EXERCISE PROMPT: Across the listing below, count the lines containing "close". Give nothing but the number.

DATA RECORDS:
= = = = = = =

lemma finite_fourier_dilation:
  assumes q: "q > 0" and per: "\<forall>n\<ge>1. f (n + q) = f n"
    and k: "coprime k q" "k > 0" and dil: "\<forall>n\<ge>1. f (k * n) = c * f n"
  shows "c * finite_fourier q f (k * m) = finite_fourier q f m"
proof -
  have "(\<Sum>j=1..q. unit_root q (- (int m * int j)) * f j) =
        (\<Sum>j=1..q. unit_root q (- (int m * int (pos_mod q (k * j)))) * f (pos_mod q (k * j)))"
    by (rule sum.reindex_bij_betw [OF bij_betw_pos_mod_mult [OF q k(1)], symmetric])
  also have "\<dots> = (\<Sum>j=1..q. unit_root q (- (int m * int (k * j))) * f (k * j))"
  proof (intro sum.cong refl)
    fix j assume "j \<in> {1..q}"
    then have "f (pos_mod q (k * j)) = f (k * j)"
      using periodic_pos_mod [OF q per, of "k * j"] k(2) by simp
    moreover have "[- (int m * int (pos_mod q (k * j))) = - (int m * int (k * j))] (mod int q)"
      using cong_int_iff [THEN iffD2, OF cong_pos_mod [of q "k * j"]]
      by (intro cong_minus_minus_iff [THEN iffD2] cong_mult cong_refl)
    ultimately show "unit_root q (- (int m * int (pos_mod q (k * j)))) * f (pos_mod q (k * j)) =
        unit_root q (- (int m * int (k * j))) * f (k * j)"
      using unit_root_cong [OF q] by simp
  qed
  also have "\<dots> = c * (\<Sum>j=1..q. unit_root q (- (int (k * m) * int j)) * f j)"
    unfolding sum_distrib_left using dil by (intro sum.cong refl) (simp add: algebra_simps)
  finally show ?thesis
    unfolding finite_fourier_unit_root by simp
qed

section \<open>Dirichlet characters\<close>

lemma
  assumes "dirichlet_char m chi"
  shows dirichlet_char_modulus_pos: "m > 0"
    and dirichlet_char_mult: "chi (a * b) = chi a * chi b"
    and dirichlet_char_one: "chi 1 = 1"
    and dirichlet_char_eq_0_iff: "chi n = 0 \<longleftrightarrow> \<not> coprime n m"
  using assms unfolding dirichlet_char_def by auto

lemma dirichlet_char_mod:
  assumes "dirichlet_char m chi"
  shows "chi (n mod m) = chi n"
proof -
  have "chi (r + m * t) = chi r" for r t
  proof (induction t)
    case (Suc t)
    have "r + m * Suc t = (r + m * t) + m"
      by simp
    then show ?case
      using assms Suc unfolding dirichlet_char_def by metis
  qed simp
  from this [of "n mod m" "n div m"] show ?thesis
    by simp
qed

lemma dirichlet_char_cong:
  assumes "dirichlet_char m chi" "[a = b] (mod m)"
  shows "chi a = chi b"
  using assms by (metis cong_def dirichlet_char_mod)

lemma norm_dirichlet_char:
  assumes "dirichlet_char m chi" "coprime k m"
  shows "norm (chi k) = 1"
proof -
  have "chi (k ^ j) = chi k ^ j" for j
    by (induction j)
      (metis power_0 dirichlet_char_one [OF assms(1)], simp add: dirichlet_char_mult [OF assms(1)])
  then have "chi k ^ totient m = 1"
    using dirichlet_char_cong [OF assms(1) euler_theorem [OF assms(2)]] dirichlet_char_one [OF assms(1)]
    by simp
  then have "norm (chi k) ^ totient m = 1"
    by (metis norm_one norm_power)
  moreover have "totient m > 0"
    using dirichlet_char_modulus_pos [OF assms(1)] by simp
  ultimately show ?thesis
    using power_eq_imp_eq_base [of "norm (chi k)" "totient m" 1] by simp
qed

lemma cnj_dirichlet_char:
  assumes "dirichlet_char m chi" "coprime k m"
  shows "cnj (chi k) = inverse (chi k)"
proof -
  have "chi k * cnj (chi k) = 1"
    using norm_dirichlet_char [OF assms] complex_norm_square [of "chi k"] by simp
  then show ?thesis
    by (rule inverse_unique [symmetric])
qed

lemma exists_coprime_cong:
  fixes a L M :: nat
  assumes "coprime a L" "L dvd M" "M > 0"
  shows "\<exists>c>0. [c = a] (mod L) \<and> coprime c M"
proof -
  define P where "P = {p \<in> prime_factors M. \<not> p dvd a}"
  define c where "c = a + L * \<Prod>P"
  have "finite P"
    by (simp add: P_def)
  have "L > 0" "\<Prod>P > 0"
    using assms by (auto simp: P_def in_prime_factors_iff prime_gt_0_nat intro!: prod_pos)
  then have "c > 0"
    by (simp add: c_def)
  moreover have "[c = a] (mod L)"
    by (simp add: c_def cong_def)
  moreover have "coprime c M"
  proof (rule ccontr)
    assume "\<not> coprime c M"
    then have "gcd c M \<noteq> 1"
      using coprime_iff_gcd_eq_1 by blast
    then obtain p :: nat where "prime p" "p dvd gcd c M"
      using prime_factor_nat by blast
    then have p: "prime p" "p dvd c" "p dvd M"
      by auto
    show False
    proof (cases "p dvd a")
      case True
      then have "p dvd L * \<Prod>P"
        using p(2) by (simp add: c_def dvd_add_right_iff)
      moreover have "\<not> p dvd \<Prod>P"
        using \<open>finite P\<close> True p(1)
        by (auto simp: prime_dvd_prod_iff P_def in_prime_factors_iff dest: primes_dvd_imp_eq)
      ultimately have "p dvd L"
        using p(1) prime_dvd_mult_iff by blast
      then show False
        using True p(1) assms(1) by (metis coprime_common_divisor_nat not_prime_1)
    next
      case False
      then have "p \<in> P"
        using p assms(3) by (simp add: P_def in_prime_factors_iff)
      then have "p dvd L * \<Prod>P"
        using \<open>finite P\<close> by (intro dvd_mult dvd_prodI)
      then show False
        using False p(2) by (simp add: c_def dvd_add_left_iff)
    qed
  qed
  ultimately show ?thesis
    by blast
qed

= = = = = = =

RESPONSE FOR THIS EXERCISE: 3